» **Description of the task**
Go line by line through the entries and show those that hold the string "blast".

**********

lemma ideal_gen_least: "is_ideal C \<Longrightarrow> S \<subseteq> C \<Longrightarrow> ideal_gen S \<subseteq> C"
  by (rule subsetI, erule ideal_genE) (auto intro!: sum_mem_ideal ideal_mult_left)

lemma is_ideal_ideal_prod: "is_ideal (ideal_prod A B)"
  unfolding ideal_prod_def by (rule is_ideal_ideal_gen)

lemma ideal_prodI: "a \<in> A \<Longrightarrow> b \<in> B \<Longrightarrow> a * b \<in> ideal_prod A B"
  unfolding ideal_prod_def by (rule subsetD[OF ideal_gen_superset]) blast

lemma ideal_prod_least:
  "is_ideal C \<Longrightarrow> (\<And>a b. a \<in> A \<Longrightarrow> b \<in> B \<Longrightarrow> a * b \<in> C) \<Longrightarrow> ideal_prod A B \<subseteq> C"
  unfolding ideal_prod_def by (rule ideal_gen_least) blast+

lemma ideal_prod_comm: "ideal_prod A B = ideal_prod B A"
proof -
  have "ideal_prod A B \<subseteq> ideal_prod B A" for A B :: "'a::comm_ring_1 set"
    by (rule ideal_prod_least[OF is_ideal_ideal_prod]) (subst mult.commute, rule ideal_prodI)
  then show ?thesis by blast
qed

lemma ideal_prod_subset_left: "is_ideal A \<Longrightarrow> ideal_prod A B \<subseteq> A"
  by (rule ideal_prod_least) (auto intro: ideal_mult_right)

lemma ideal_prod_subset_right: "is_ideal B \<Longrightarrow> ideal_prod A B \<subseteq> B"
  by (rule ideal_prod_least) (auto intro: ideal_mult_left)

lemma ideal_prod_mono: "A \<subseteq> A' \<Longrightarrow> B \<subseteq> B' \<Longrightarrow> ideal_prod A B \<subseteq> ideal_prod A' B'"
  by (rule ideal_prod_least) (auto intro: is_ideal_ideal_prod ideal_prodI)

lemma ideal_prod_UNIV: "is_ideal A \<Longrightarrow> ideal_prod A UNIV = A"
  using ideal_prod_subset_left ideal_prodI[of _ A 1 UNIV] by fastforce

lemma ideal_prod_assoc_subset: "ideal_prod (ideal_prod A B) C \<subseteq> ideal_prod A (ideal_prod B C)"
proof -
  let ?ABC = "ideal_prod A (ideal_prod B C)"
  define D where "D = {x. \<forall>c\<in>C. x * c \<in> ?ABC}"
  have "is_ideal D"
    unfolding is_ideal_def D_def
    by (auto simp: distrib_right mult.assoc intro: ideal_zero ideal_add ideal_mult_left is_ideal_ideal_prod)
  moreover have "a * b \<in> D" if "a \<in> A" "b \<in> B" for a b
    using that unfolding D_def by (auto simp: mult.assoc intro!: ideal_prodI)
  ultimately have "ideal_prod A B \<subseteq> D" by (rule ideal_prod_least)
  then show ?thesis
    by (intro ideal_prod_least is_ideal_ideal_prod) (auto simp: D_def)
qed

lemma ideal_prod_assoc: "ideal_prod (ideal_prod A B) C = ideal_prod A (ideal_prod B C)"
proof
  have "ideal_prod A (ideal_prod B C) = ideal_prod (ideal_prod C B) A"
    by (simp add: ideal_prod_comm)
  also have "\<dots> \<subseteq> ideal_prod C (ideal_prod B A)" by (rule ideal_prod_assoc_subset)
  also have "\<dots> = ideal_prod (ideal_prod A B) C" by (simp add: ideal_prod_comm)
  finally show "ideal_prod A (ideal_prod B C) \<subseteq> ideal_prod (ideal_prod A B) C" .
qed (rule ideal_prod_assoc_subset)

**********

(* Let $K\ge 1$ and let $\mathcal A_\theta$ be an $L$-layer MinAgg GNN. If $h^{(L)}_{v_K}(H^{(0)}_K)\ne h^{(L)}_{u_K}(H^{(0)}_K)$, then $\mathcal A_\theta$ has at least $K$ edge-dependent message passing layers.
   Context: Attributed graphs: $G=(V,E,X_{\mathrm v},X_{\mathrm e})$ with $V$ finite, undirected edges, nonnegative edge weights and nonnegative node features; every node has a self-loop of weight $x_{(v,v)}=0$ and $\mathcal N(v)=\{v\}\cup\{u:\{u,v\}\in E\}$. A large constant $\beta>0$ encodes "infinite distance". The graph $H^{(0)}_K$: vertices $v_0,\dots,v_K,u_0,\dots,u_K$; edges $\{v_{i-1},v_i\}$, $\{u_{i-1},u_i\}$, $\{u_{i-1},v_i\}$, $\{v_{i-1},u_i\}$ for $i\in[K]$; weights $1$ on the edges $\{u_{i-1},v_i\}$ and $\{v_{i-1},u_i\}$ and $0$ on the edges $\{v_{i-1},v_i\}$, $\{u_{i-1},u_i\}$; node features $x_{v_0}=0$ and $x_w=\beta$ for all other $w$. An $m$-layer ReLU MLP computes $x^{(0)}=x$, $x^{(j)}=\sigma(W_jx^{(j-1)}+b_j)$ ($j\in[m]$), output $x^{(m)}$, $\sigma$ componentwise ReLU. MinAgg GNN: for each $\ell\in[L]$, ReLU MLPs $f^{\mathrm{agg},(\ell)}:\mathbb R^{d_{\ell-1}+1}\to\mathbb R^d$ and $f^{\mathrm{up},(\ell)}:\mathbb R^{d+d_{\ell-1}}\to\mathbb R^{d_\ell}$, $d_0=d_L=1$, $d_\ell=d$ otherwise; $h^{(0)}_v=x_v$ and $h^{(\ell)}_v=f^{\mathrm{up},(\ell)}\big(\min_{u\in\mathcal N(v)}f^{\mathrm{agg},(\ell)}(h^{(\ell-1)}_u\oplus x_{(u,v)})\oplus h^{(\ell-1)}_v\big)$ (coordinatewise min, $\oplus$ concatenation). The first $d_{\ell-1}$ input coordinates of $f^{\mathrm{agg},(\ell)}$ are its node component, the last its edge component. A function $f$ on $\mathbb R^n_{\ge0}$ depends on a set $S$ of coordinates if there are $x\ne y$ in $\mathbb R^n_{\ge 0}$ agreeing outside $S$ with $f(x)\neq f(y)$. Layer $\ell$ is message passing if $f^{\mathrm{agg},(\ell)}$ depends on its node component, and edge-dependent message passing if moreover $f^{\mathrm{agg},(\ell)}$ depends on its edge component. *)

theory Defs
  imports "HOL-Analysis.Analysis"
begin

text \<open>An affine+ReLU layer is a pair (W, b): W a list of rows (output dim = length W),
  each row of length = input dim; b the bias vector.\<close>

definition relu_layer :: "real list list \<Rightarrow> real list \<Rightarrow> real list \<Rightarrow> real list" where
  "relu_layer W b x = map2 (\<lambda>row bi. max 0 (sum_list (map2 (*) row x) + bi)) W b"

**********

» **Result of this exercise**
  unfolding ideal_prod_def by (rule subsetD[OF ideal_gen_superset]) blast
  unfolding ideal_prod_def by (rule ideal_gen_least) blast+
  then show ?thesis by blast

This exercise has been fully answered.